Start of Available data

(* Let $T$ be a tree in which every nontrivial pseudo-supremum is a supremum. Then $T$ is monotonically normal in each of the coarse wedge topology, the fine wedge topology, and the chevron topology.
   Context: A tree is a partially ordered set in which the set of predecessors of each element is well-ordered. Levels: $T(0)$ is the set of minimal elements; $T(\alpha)$ is the set of minimal elements of $T\setminus\bigcup_{\beta<\alpha}T(\beta)$; successor levels are $T(\alpha+1)$. For a nonempty chain $C$ bounded above, its pseudo-supremum is the set of minimal upper bounds of $C$; the standing assumption is that each such set is a singleton. For $t\in T$, $V_t=\{s:s\ge t\}$. Fine wedge topology: subbase all $V_t$ and $T\setminus V_t$. Coarse wedge topology: subbase all $V_t$ and $T\setminus V_t$ with $t$ minimal or on a successor level. Chevron topology: base consisting of all $\{m\}$ with $m$ minimal, together with all sets $C[s,t]=(V_s\setminus V_t)\cup\{t\}$ where $s\le t$ and $s$ is minimal or on a successor level. *)

theory Defs
  imports "HOL-Analysis.Analysis"
begin

definition is_tree :: "'a::order set \<Rightarrow> bool" where
  "is_tree T \<longleftrightarrow> (\<forall>t\<in>T. \<forall>A. A \<subseteq> {s\<in>T. s < t} \<and> A \<noteq> {} \<longrightarrow> (\<exists>m\<in>A. \<forall>a\<in>A. m \<le> a))"

definition is_chain :: "'a::order set \<Rightarrow> 'a set \<Rightarrow> bool" where
  "is_chain T C \<longleftrightarrow> C \<subseteq> T \<and> (\<forall>x\<in>C. \<forall>y\<in>C. x \<le> y \<or> y \<le> x)"

definition upper_bounds :: "'a::order set \<Rightarrow> 'a set \<Rightarrow> 'a set" where
  "upper_bounds T C = {u\<in>T. \<forall>c\<in>C. c \<le> u}"

definition pseudo_sup :: "'a::order set \<Rightarrow> 'a set \<Rightarrow> 'a set" where
  "pseudo_sup T C = {u\<in>upper_bounds T C. \<forall>v\<in>upper_bounds T C. v \<le> u \<longrightarrow> v = u}"

definition is_supremum :: "'a::order set \<Rightarrow> 'a set \<Rightarrow> 'a \<Rightarrow> bool" where
  "is_supremum T C t \<longleftrightarrow> t \<in> upper_bounds T C \<and> (\<forall>u\<in>upper_bounds T C. t \<le> u)"

definition nontrivial_chain :: "'a::order set \<Rightarrow> 'a set \<Rightarrow> bool" where
  "nontrivial_chain T C \<longleftrightarrow> is_chain T C \<and> C \<noteq> {} \<and> upper_bounds T C \<noteq> {}
      \<and> \<not> (\<exists>m\<in>C. \<forall>c\<in>C. c \<le> m)"

definition cone :: "'a::order set \<Rightarrow> 'a \<Rightarrow> 'a set" where
  "cone T t = {s\<in>T. t \<le> s}"

definition minimal_in :: "'a::order set \<Rightarrow> 'a \<Rightarrow> bool" where
  "minimal_in T t \<longleftrightarrow> t \<in> T \<and> \<not> (\<exists>s\<in>T. s < t)"

definition succ_level :: "'a::order set \<Rightarrow> 'a \<Rightarrow> bool" where
  "succ_level T t \<longleftrightarrow> t \<in> T \<and> (\<exists>m\<in>T. m < t \<and> (\<forall>s\<in>T. s < t \<longrightarrow> s \<le> m))"

definition fine_wedge :: "'a::order set \<Rightarrow> 'a topology" where
  "fine_wedge T = topology_generated_by
     ((\<lambda>t. cone T t) ` T \<union> (\<lambda>t. T - cone T t) ` T)"

definition coarse_wedge :: "'a::order set \<Rightarrow> 'a topology" where
  "coarse_wedge T = topology_generated_by
     ((\<lambda>t. cone T t) ` {t. minimal_in T t \<or> succ_level T t} \<union>
      (\<lambda>t. T - cone T t) ` {t. minimal_in T t \<or> succ_level T t})"

definition chev :: "'a::order set \<Rightarrow> 'a \<Rightarrow> 'a \<Rightarrow> 'a set" where
  "chev T s t = (cone T s - cone T t) \<union> {t}"

definition chevron_top :: "'a::order set \<Rightarrow> 'a topology" where
  "chevron_top T = topology_generated_by
     ((\<lambda>m. {m}) ` {m. minimal_in T m} \<union>
      {chev T s t | s t. s \<in> T \<and> t \<in> T \<and> s \<le> t \<and> (minimal_in T s \<or> succ_level T s)})"

definition monotonically_normal :: "'a topology \<Rightarrow> bool" where
  "monotonically_normal X \<longleftrightarrow> t1_space X \<and>
     (\<exists>G::'a \<Rightarrow> 'a set \<Rightarrow> 'a set.
        (\<forall>x U. openin X U \<and> x \<in> U \<longrightarrow> openin X (G x U) \<and> x \<in> G x U \<and> G x U \<subseteq> U) \<and>
        (\<forall>x y U V. openin X U \<and> x \<in> U \<and> openin X V \<and> y \<in> V \<and> G x U \<inter> G y V \<noteq> {}
             \<longrightarrow> x \<in> V \<or> y \<in> U))"

end

theory Submission
  imports Defs
begin

text \<open>For an open set \<open>U\<close> containing \<open>x\<close>, choose a node \<open>a \<le> x\<close> that is minimal or on a
  successor level with \<open>C[a,x] \<subseteq> U\<close> (in the fine wedge topology simply \<open>a = x\<close>), and let \<open>H(x,U)\<close> be \<open>C[a,x]\<close> together with all cones
  \<open>V\<^sub>c \<subseteq> U\<close> over immediate successors \<open>c\<close> of \<open>x\<close>. If \<open>H(x,U)\<close> and \<open>H(y,V)\<close> meet, the two
  chosen nodes are comparable, and following the branch through a common point forces
  \<open>x \<in> V\<close> or \<open>y \<in> U\<close>. The hypothesis on pseudo-suprema makes every limit node the supremum of
  its predecessors; hence the least node below \<open>x\<close> but not below \<open>t\<close> is never a limit node,
  which yields the chevrons inside open sets of the coarse wedge and chevron topologies.
  Finally \<open>H(x,U)\<close> is open: in the chevron topology it is a union of basic sets, and in the
  wedge topologies it is \<open>V\<^sub>a\<close> minus the cones \<open>V\<^sub>c \<not>\<subseteq> U\<close>, of which there are finitely many
  because each subbasic set excludes the cone of at most one immediate successor of \<open>x\<close>.\<close>

definition nonlimit :: "'a::order set \<Rightarrow> 'a \<Rightarrow> bool" where
  "nonlimit T t \<longleftrightarrow> minimal_in T t \<or> succ_level T t"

End of Available data

Among the entries above, identify all lines with "noteq" and copy them.

  "is_tree T \<longleftrightarrow> (\<forall>t\<in>T. \<forall>A. A \<subseteq> {s\<in>T. s < t} \<and> A \<noteq> {} \<longrightarrow> (\<exists>m\<in>A. \<forall>a\<in>A. m \<le> a))"
  "nontrivial_chain T C \<longleftrightarrow> is_chain T C \<and> C \<noteq> {} \<and> upper_bounds T C \<noteq> {}
        (\<forall>x y U V. openin X U \<and> x \<in> U \<and> openin X V \<and> y \<in> V \<and> G x U \<inter> G y V \<noteq> {}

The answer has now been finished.